DELETE /api/v1/dev/projects/:id

Permanently delete a project and all associated data, including sessions and analytics. This action is irreversible.

Example request

curl -X DELETE https://api.bondify.dev/api/v1/dev/projects/proj_xxxxxxxx \
  -H "Authorization: Bearer <token>"

Response

{ "ok": true }
ok
boolean
true when the project was successfully deleted.
Deleting a project immediately invalidates its id and secret_key. Any live integrations using those values will begin failing. Make sure no active users or services depend on the project before you delete it.

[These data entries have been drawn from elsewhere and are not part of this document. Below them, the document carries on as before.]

lemma refined_subgroup: "a < m \<Longrightarrow> b \<le> d \<Longrightarrow> subgroup (refined a b) G"
  unfolding schreier_refinement_def
  using G.normal_set_mult_Int_subgroup[OF G.is_subgroup G.normal_succ H.is_subgroup] by simp

lemma refined_bounds:
  assumes a: "a < m" and b: "b \<le> d"
  shows "Gs (ord_succ a) \<subseteq> refined a b" and "refined a b \<subseteq> Gs a"
proof -
  have Ga: "subgroup (Gs a) G" and Hb: "subgroup (Hs b) G" and Gsa: "subgroup (Gs (ord_succ a)) G"
    using G.is_subgroup H.is_subgroup G.subgroup_succ a b by auto
  show "Gs (ord_succ a) \<subseteq> refined a b"
  proof
    fix h assume h: "h \<in> Gs (ord_succ a)"
    have "\<one> \<in> Gs a \<inter> Hs b" using Ga Hb subgroup.one_closed by blast
    moreover have "h = h \<otimes> \<one>" using h Gsa subgroup.mem_carrier by fastforce
    ultimately show "h \<in> refined a b"
      unfolding schreier_refinement_def set_mult_def using h by blast
  qed
  show "refined a b \<subseteq> Gs a"
  proof
    fix x assume "x \<in> refined a b"
    then obtain h k where "h \<in> Gs (ord_succ a)" "k \<in> Gs a" "x = h \<otimes> k"
      unfolding schreier_refinement_def set_mult_def by blast
    with G.succ_subset[OF a] show "x \<in> Gs a" using subgroup.m_closed[OF Ga] by blast
  qed
qed

lemma refined_antimono: "b \<le> b' \<Longrightarrow> b' \<le> d \<Longrightarrow> refined a b' \<subseteq> refined a b"
  using H.antimono unfolding schreier_refinement_def set_mult_def by blast

lemma refined_first:
  assumes a: "a < m"
  shows "refined a (LEAST b. True) = Gs a"
proof
  show "Gs a \<subseteq> refined a (LEAST b. True)"
  proof
    fix x assume x: "x \<in> Gs a"
    have "x \<in> carrier G" using x G.is_subgroup a subgroup.mem_carrier less_imp_le by metis
    then have "x = \<one> \<otimes> x" and "x \<in> Gs a \<inter> Hs (LEAST b. True)"
      using x H.first by auto
    moreover have "\<one> \<in> Gs (ord_succ a)" using G.subgroup_succ[OF a] subgroup.one_closed by blast
    ultimately show "x \<in> refined a (LEAST b. True)"
      unfolding schreier_refinement_def set_mult_def by blast
  qed
  show "refined a (LEAST b. True) \<subseteq> Gs a"
    using refined_bounds(2)[OF a Least_True_le] .
qed

lemma refined_last:
  assumes a: "a < m"
  shows "refined a d = Gs (ord_succ a)"
proof
  show "refined a d \<subseteq> Gs (ord_succ a)"
  proof
    fix x assume "x \<in> refined a d"
    then obtain h where "h \<in> Gs (ord_succ a)" "x = h \<otimes> \<one>"
      unfolding schreier_refinement_def set_mult_def H.last by blast
    then show "x \<in> Gs (ord_succ a)"
      using subgroup.mem_carrier[OF G.subgroup_succ[OF a]] by simp
  qed
  show "Gs (ord_succ a) \<subseteq> refined a d"
    using refined_bounds(1)[OF a order_refl] .
qed

lemma refined_normal_succ:
  assumes "a < m" and "b < d"
  shows "refined a (ord_succ b) \<lhd> G\<lparr>carrier := refined a b\<rparr>"
  unfolding schreier_refinement_def using assms
  by (intro G.preliminary2 G.is_subgroup G.normal_succ H.is_subgroup H.normal_succ) simp_all

lemma refined_succ_from_first:
  assumes a: "a < m" and b: "b < d" and "refined a b = Gs a"
  shows "refined a (ord_succ b) = Gs a \<or> refined a (ord_succ b) = Gs (ord_succ a)"
  using G.simple_quotient_normal_between[OF G.is_subgroup G.normal_succ[OF a] G.simple_quotient[OF a]]
    refined_normal_succ[OF a b] refined_bounds(1)[OF a ord_succ_le[OF b]] assms
  by simp

text \<open>This is where compactness of G enters.\<close>
lemma refined_limit:
  assumes a: "a < m" and l: "l \<le> d" "is_limit l" and below: "\<forall>b<l. refined a b = Gs a"
  shows "refined a l = Gs a"
proof
  show "refined a l \<subseteq> Gs a" using refined_bounds(2)[OF a l(1)] .
  have top: "topspace T = carrier G" and compact: "compact_space T"
    and mult_cont: "continuous_map (prod_topology T T) T (\<lambda>(x, y). x \<otimes> y)"
    and inv_cont: "continuous_map T T (\<lambda>x. inv x)"
    using profinite unfolding profinite_group_def by auto
  have "{b. b < l} \<noteq> {}" using l(2) unfolding is_limit_def by blast
  then have Inter_eq: "(\<Inter>b\<in>{b. b < l}. Gs a \<inter> Hs b) = Gs a \<inter> Hs l"
    using H.limit[OF l] by auto
  show "Gs a \<subseteq> refined a l"
  proof
    fix x assume "x \<in> Gs a"
    have "x \<in> Gs (ord_succ a) <#> (\<Inter>b\<in>{b. b < l}. Gs a \<inter> Hs b)"
    proof (rule G.set_mult_Inter_chain_compact[OF top compact mult_cont inv_cont])
      show "closedin T (Gs (ord_succ a))" using G.closed ord_succ_le[OF a] by blast
      show "closedin T (Gs a \<inter> Hs b)" if "b \<in> {b. b < l}" for b
        using that a l(1) by (intro closedin_Int G.closed H.closed) auto
      show "Gs a \<inter> Hs b' \<subseteq> Gs a \<inter> Hs b" if "b \<in> {b. b < l}" "b' \<in> {b. b < l}" "b \<le> b'" for b b'
      proof -
        have "b' \<le> d" using that(2) l(1) by simp
        then show ?thesis using H.antimono[OF that(3)] by blast
      qed
      show "{b. b < l} \<noteq> {}" by fact
      show "x \<in> Gs (ord_succ a) <#> (Gs a \<inter> Hs b)" if "b \<in> {b. b < l}" for b
        using below that \<open>x \<in> Gs a\<close> unfolding schreier_refinement_def by auto
    qed
    then show "x \<in> refined a l" unfolding Inter_eq schreier_refinement_def .
  qed
qed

POST /api/v1/dev/projects/:id/regenerate

Rotate the project’s secret key. The previous key is invalidated immediately — update your environment variables and redeploy any services that depend on it before calling this endpoint.

Example request

curl -X POST https://api.bondify.dev/api/v1/dev/projects/proj_xxxxxxxx/regenerate \
  -H "Authorization: Bearer <token>"

Response

{
  "secret_key": "sk_live_new_xxxxxxxxxxxxxxxxxxxx"
}
secret_key
string
The new secret key in full plaintext. Store it securely — it will not be shown again.
After rotating a key, update the BONDIFY_SECRET environment variable in every service that verifies proofs or webhook signatures, then redeploy. Webhook deliveries and proof verifications will fail until services are updated.